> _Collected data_
# # # #

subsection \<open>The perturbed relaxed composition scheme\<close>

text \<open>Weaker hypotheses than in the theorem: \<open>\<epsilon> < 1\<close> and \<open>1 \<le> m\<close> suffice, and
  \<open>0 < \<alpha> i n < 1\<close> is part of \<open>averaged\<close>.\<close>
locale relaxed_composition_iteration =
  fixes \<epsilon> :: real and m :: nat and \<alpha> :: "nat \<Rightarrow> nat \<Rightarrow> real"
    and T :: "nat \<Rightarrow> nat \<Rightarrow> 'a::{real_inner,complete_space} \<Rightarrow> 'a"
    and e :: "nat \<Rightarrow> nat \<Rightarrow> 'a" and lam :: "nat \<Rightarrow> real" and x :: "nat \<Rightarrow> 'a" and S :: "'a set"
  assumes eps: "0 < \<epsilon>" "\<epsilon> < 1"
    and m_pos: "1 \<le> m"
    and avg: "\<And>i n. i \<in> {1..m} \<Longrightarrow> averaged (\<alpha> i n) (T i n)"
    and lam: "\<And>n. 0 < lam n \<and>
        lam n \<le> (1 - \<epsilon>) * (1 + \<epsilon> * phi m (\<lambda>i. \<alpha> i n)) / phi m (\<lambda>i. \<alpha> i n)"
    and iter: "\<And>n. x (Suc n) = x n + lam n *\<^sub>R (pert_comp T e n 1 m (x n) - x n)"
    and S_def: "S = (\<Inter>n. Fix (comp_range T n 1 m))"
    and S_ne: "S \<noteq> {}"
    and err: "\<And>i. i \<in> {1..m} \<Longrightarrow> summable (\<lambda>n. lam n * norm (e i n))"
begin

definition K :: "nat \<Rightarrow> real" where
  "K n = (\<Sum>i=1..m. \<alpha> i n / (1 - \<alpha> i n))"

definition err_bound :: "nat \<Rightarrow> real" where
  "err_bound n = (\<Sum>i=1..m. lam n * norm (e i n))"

# # # #

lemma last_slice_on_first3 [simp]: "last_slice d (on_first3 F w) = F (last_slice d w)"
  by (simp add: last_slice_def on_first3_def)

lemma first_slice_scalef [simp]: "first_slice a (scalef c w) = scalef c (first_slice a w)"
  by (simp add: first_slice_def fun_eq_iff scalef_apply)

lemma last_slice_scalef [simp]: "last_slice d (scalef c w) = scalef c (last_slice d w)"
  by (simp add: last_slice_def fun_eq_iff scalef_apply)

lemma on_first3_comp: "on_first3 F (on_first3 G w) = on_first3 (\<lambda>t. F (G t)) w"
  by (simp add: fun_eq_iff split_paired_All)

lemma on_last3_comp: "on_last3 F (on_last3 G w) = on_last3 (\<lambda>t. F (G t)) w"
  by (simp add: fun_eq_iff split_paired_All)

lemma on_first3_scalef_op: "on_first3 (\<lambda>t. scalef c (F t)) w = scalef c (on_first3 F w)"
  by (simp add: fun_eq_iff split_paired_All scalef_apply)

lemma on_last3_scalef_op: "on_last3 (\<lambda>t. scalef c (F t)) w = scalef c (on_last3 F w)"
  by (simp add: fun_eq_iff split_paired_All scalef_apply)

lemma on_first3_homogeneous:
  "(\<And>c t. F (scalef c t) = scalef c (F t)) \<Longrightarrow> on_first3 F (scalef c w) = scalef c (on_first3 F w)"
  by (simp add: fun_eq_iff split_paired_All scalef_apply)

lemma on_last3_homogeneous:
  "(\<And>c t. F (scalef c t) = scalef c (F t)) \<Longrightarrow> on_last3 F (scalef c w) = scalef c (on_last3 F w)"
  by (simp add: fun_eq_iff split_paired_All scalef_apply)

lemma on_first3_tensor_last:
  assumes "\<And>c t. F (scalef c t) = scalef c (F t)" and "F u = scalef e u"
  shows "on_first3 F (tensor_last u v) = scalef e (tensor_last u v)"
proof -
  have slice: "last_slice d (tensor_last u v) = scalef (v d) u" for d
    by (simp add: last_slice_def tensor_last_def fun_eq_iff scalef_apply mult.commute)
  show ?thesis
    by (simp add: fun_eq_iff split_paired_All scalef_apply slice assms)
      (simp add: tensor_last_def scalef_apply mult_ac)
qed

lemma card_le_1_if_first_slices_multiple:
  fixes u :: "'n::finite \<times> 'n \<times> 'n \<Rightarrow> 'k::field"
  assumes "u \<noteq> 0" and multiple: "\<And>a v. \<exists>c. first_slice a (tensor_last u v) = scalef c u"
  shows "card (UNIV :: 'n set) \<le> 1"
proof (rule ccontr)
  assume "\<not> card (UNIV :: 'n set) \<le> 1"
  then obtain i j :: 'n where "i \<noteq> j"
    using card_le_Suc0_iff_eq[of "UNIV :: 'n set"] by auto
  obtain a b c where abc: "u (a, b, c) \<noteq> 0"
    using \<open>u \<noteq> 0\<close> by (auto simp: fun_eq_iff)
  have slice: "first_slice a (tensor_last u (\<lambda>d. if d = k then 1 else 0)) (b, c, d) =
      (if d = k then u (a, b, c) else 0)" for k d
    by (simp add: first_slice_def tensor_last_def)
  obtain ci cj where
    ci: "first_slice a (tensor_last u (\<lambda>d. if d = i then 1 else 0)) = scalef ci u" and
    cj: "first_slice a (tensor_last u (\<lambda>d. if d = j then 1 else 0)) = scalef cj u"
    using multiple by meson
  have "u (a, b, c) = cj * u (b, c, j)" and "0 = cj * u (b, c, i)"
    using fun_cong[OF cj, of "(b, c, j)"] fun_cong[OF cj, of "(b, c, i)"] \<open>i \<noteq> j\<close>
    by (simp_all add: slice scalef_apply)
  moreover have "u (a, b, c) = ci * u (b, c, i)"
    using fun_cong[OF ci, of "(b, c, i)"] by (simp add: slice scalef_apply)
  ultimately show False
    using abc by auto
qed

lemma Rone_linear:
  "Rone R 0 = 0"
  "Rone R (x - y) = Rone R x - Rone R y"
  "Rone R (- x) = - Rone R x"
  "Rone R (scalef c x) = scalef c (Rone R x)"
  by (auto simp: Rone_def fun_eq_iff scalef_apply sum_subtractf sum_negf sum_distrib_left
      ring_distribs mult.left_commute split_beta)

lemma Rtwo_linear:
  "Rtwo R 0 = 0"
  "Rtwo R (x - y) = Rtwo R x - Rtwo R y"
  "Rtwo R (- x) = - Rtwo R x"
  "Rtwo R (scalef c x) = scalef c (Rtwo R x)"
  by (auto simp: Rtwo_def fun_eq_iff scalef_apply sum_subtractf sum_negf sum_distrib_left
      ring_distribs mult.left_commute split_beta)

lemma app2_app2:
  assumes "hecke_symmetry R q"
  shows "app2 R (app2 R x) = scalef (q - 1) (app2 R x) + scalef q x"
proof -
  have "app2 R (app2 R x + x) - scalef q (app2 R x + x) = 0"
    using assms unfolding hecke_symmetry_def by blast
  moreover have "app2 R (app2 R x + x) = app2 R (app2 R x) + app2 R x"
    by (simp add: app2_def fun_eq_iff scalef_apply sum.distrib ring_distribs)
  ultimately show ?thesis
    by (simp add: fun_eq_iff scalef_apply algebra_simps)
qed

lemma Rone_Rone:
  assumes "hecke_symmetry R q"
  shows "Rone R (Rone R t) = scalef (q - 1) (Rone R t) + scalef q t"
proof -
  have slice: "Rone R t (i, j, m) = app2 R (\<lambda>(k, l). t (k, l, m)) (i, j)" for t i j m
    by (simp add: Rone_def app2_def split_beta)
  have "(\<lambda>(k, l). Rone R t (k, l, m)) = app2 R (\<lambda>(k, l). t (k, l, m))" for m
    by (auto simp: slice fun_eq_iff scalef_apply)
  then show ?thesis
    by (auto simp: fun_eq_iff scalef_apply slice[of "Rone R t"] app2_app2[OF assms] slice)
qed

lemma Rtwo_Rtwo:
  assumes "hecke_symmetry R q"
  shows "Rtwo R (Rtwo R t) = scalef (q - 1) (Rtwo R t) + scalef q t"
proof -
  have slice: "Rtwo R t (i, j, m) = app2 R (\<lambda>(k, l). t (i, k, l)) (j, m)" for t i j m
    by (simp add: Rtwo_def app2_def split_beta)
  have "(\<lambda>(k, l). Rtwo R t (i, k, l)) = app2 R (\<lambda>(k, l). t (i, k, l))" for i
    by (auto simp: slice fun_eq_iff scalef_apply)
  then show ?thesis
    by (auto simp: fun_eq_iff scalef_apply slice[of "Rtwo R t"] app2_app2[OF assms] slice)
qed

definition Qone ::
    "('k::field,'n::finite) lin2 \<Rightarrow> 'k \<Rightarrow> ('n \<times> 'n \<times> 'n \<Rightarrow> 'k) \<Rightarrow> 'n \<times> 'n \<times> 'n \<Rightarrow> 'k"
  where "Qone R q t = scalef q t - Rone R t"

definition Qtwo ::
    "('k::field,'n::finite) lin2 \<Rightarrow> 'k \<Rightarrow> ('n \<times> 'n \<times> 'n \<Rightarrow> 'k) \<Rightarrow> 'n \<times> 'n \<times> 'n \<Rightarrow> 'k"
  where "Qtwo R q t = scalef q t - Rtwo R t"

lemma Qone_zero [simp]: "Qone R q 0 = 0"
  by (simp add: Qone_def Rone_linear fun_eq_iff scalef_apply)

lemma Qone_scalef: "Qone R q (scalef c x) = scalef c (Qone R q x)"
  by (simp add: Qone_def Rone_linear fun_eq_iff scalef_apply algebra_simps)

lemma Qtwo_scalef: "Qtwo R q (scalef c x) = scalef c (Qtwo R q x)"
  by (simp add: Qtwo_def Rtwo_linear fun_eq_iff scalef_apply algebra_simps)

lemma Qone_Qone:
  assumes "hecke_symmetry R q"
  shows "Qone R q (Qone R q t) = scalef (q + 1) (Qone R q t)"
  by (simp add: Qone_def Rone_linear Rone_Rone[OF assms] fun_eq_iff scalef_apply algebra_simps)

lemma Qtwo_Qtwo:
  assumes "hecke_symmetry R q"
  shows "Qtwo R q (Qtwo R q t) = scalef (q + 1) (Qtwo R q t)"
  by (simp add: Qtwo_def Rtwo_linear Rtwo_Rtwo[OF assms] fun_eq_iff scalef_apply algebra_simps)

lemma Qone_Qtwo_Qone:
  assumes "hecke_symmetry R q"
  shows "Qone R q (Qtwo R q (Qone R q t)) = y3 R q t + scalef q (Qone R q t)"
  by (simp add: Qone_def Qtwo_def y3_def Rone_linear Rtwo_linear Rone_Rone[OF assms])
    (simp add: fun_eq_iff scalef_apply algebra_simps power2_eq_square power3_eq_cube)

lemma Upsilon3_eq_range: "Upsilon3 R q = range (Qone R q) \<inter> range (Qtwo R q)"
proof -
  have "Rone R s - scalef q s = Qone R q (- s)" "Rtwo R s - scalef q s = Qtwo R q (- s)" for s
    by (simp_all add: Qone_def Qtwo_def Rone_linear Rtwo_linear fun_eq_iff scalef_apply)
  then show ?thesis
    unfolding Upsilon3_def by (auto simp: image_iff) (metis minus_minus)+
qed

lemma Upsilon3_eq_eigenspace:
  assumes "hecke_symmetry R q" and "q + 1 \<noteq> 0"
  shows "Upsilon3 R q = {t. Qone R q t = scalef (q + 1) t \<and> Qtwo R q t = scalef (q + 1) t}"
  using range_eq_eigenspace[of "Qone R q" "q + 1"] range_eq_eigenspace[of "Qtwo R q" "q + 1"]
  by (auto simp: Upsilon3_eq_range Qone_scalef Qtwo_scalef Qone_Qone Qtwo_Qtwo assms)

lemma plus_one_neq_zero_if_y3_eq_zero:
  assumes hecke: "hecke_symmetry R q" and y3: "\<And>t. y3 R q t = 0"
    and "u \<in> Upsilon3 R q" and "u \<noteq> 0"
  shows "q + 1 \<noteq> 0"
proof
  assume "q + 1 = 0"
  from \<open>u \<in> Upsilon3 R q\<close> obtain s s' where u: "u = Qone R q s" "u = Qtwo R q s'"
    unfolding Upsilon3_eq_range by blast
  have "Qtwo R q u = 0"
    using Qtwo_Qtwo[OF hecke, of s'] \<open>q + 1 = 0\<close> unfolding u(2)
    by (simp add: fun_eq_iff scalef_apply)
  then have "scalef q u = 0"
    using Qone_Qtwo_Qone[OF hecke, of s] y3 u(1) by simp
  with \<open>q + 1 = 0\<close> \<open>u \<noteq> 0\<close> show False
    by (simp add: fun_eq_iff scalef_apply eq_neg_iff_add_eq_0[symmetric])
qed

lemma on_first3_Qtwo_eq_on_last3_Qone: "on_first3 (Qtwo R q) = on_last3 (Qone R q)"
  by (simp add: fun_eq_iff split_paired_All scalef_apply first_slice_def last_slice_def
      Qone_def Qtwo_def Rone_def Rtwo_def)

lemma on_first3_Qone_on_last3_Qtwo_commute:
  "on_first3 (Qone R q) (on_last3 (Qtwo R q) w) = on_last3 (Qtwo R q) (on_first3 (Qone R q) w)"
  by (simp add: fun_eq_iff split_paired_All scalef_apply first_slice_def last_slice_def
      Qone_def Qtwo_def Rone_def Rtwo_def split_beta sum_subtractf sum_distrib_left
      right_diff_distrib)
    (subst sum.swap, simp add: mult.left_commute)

# # # #

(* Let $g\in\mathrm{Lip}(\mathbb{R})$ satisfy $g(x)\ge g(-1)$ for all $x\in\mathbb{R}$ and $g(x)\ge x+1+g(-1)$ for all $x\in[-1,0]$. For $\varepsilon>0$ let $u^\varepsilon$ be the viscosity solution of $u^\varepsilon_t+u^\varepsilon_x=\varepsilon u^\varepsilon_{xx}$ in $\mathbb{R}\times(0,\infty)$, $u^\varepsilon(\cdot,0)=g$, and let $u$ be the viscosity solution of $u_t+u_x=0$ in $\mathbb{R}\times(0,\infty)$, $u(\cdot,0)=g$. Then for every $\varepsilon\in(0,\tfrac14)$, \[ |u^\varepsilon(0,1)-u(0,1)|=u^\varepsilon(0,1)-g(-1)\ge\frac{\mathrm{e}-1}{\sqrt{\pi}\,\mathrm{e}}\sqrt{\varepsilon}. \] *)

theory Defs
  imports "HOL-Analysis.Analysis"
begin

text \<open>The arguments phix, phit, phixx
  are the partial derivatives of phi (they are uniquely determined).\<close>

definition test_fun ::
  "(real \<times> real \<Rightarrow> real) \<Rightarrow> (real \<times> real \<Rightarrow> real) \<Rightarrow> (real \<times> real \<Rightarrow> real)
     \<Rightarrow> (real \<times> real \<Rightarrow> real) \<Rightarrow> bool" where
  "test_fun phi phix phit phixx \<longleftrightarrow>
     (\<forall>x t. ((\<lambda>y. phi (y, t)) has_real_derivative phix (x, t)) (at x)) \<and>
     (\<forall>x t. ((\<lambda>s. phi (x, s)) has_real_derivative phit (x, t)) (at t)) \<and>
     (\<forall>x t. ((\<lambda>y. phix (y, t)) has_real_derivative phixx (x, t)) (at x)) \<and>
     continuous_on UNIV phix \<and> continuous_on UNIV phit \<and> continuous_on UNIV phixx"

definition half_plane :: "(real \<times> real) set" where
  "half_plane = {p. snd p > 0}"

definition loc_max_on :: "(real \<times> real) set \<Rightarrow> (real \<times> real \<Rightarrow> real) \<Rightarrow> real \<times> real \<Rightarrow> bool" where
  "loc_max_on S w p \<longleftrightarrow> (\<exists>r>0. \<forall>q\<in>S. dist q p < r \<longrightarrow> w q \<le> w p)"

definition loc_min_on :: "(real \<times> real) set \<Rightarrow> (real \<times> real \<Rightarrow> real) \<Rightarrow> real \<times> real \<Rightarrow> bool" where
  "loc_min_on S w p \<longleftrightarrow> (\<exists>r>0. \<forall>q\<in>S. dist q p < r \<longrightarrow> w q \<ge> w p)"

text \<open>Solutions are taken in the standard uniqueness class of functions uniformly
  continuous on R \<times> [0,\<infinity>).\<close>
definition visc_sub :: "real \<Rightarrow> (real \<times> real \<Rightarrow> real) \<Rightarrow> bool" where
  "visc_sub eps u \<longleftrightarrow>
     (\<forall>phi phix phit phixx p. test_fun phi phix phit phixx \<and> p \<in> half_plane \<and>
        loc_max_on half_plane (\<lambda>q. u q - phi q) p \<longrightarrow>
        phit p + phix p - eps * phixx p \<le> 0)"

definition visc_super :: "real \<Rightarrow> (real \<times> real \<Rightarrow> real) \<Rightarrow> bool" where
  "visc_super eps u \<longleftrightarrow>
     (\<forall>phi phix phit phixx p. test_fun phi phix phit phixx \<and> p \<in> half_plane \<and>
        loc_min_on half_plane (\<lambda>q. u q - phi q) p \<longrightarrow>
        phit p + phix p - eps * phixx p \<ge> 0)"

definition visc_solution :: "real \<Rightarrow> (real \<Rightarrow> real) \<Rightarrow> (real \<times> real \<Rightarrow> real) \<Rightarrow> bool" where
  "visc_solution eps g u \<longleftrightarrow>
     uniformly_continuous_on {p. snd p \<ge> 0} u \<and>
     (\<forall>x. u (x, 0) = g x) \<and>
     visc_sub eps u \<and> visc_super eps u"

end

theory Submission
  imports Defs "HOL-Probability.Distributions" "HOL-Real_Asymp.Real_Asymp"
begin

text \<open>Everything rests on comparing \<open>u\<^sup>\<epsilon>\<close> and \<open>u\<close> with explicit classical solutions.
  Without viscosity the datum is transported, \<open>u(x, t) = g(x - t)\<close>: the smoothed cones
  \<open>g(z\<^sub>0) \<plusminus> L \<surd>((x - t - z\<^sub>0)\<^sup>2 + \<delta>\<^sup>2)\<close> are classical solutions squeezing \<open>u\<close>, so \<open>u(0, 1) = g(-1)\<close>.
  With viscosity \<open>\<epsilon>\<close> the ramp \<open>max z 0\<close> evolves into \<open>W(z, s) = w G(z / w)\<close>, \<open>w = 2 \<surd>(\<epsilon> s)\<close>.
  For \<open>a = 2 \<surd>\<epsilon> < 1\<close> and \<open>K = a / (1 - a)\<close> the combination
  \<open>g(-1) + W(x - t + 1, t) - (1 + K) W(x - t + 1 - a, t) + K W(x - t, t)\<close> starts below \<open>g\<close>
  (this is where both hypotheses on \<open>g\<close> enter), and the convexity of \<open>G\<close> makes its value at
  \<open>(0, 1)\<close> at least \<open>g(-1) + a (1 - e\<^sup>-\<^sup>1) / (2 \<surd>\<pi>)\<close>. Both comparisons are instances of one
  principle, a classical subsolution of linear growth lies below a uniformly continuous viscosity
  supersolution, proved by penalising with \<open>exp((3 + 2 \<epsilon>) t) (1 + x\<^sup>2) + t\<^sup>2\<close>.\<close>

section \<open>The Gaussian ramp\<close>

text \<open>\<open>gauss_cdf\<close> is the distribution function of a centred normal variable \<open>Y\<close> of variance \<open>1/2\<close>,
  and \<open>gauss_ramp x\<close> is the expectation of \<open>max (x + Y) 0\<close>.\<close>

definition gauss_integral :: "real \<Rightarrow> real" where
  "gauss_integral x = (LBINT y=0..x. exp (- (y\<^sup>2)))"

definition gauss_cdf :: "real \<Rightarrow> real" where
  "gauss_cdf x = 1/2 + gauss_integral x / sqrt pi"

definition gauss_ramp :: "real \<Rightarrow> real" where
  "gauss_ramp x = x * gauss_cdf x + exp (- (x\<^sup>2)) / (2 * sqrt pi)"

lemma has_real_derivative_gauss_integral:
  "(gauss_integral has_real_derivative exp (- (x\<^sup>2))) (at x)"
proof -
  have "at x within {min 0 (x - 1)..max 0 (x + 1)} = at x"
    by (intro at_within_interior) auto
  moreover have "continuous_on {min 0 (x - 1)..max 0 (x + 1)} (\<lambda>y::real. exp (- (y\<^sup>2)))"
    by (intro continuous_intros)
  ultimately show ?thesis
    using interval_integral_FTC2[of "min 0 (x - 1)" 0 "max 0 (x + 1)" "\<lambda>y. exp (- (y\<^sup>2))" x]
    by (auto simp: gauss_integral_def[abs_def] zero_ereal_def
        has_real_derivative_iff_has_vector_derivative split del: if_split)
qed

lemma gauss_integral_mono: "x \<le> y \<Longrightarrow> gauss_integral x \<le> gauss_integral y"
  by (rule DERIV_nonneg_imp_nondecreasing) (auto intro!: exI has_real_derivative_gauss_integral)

# # # #

Using the data above, return each line that includes the word "blast".

> _ANSWER TO THIS PROBLEM_
    using assms unfolding hecke_symmetry_def by blast
    unfolding Upsilon3_eq_range by blast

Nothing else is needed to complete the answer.